The USS Quad Damage

Anime and Simlish

I watch a lot of Anime, but don’t understand Japanese. I therefore need to rely on subtitles. Modern Anime “rips” tend to have “soft-subs”, which are computer-readable text embedded inside the video file. This video file is worth a lot more to me than the DVD, as we’ll soon find out. Whilst there is nothing stopping people from soft-subbing material in English, the trend is that this is generally “not done”, even though it’s probably fairly easy if the material were obtained via, say, digital TV. On the contrary for Anime, there’s a veritable army of writers translating Anime series.

MPEG-7 is a standard for defining other meta-data about the video in question and embedding it in the video. Some of it is expected to be computer-extractable, other things would need to be entered manually (say, the description of the video). MPEG-7 is meant so you can search videos for information you want. This includes things like offsets in the video files so you can go straight to the bit you want. It’s naturally easy for soft-subs to be converted into MPEG-7.

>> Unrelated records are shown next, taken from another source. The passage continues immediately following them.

lemma sigma_pm_PhiS_last:
  assumes "1 \<le> q" "Z \<subseteq> {1..q+1}"
  shows "sigma_pm (q+2) (PhiS (q+2) Z) (q+2) = swapc (q+2) ` sigma_pm (q+2) (PhiS (q+2) Z) (q+1)"
  using sigma_pm_image_comp_transpose[of "q+1" "q+2" "q+2" "PhiS (q+2) Z" "q+2"]
  unfolding image_comp_transpose_PhiS[OF assms] swapc_eq_comp_transpose by simp

lemma sigma_pm_PsiS'_low:
  assumes "i \<in> {1..q}" "Y \<subseteq> {1..q+1}"
  shows "sigma_pm (q+2) (PsiS' (q+2) Y) i = pm (PsiS' (q+2) (transp_set i Y))"
proof -
  have "transpose (q+1) (q+2) i = i"
    using assms(1) by simp
  then show ?thesis
    unfolding sigma_pm_PsiS' pm_PsiS' by (simp only: sigma_pm_PsiS_low[OF assms])
qed

theorem proposition3p12:
  fixes r :: nat and Y Z :: "nat set"
  assumes "r \<ge> 3" and "Y \<subseteq> {1..r-1}" and "Z \<subseteq> {1..r-1}"
    and "card Y < card Z" and "card Z < r"
  shows
    "(\<forall>i\<in>{1..r-2}.
        sigma_pm r (PhiS r Z) i = pm (PhiS r (transp_set i Z)) \<and>
        sigma_pm r (PsiS r Y) i = pm (PsiS r (transp_set i Y)) \<and>
        sigma_pm r (PsiS' r Y) i = pm (PsiS' r (transp_set i Y)))
   \<and> (r - 1 \<notin> Z \<longrightarrow>
        sigma_pm r (PhiS r Z) (r - 1) = pm (PhiS r Z) \<and>
        sigma_pm r (PhiS r Z) r = pm (PhiS r Z))
   \<and> (r - 1 \<in> Z \<longrightarrow>
        sigma_pm r (PhiS r Z) (r - 1) = pm (PsiS r (Z - {r - 1})) \<and>
        sigma_pm r (PhiS r Z) r = pm (PsiS' r (Z - {r - 1})))
   \<and> (r - 1 \<notin> Y \<longrightarrow>
        sigma_pm r (PsiS r Y) (r - 1) = pm (PhiS r (Y \<union> {r - 1})) \<and>
        sigma_pm r (PsiS r Y) r = pm (PsiS r Y) \<and>
        sigma_pm r (PsiS' r Y) r = pm (PhiS r (Y \<union> {r - 1})) \<and>
        sigma_pm r (PsiS' r Y) (r - 1) = pm (PsiS' r Y))
   \<and> (r - 1 \<in> Y \<longrightarrow>
        sigma_pm r (PsiS r Y) (r - 1) = pm (PsiS r Y) \<and>
        sigma_pm r (PsiS r Y) r = pm (PsiS r Y) \<and>
        sigma_pm r (PsiS' r Y) (r - 1) = pm (PsiS' r Y) \<and>
        sigma_pm r (PsiS' r Y) r = pm (PsiS' r Y))"
proof -
  obtain q where r: "r = q+2" and q: "1 \<le> q"
    using assms(1) by (intro that[of "r - 2"]) auto
  then have r1: "r - 1 = q+1" and r2: "r - 2 = q"
    by simp_all
  have Y: "Y \<subseteq> {1..q+1}" and Z: "Z \<subseteq> {1..q+1}"
    using assms(2,3) unfolding r1 by simp_all
  have Y': "Y \<union> {q+1} \<subseteq> {1..q+1}"
    using Y by simp
  note Phi_penultimate = sigma_pm_PhiS_penultimate_notin[OF _ Z q] sigma_pm_PhiS_penultimate_in[OF _ Z q]
  note Psi_penultimate = sigma_pm_PsiS_penultimate_notin[OF _ Y q] sigma_pm_PsiS_penultimate_in[OF _ Y q]
  note Psi_last = sigma_pm_PsiS_last[OF Y]
  note Phi_swapc = swapc_image_pm_PhiS[OF q Z] swapc_image_pm_PhiS[OF q Y']
  show ?thesis
    unfolding r1 r2 unfolding r
  proof (intro conjI impI ballI)
    fix i assume "i \<in> {1..q}"
    then show "sigma_pm (q+2) (PhiS (q+2) Z) i = pm (PhiS (q+2) (transp_set i Z))"
      and "sigma_pm (q+2) (PsiS (q+2) Y) i = pm (PsiS (q+2) (transp_set i Y))"
      and "sigma_pm (q+2) (PsiS' (q+2) Y) i = pm (PsiS' (q+2) (transp_set i Y))"
      using Y Z by (simp_all only: sigma_pm_PhiS_low sigma_pm_PsiS_low sigma_pm_PsiS'_low)
  qed (simp_all only: sigma_pm_PhiS_last[OF q Z] sigma_pm_PsiS' transpose_apply_first
      transpose_apply_second Phi_penultimate Psi_penultimate Psi_last Phi_swapc pm_PsiS'
      simp_thms)
qed

end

Hard drives are big now, and video codecs are pretty great. You can store a lot of videos on a hard drive, possibly your whole collection, possibly enough that it’d take you a long long time to watch. By the time you’ve watched it all instead of deleting it you could probably just buy a bigger hard drive. It’s still cheaper to do that than buy DVD media, for example.

Beagle (or Growl in Mac, or Windows Desktop Search in Windows, or Google Desktop also on Windows) all have neato burrito ways of indexing all the meta-data on your hard drive onto a searchable database. Speaking only of beagle, there’s no plugin for either MPEG-7 nor just straight looking up the subtitles on a video, but it won’t be long, and it doesn’t sound much harder than indexing email or word documents.

Conclusion? Because I watch a lot of TV in other languages it won’t be long before I can search my “desktop” for things which were said or done in the shows I watch. If people who recorded English programs had a habit of storing the subtitles, the searchable web on your desktop would take hold much quicker for video.

On a second note, I was considering the advantages of watching Anime considering I don’t know any Japanese: It’s very much like Simlish in a sense. Watching Anime is, in a way, a much more interesting way of reading a book. There’s music, sound, acting (as far as emotion goes), but what’s being said is something I’m reading. Hell, even what’s drawn leaves a fair bit to the imagination. If I want I can mute it and listen to music. If soft-subs are made a bit better with actor identification (i.e: associating a subtitle with a box on screen which identifies not the placement of the text, rather the object which is associated with the text, such as the person saying the words, the location of the street sign which is being referenced), I could watch Anime as sort of a moving comic book.

Technology is grand, but I won’t be able to enjoy it fully knowing there are starving kids out there.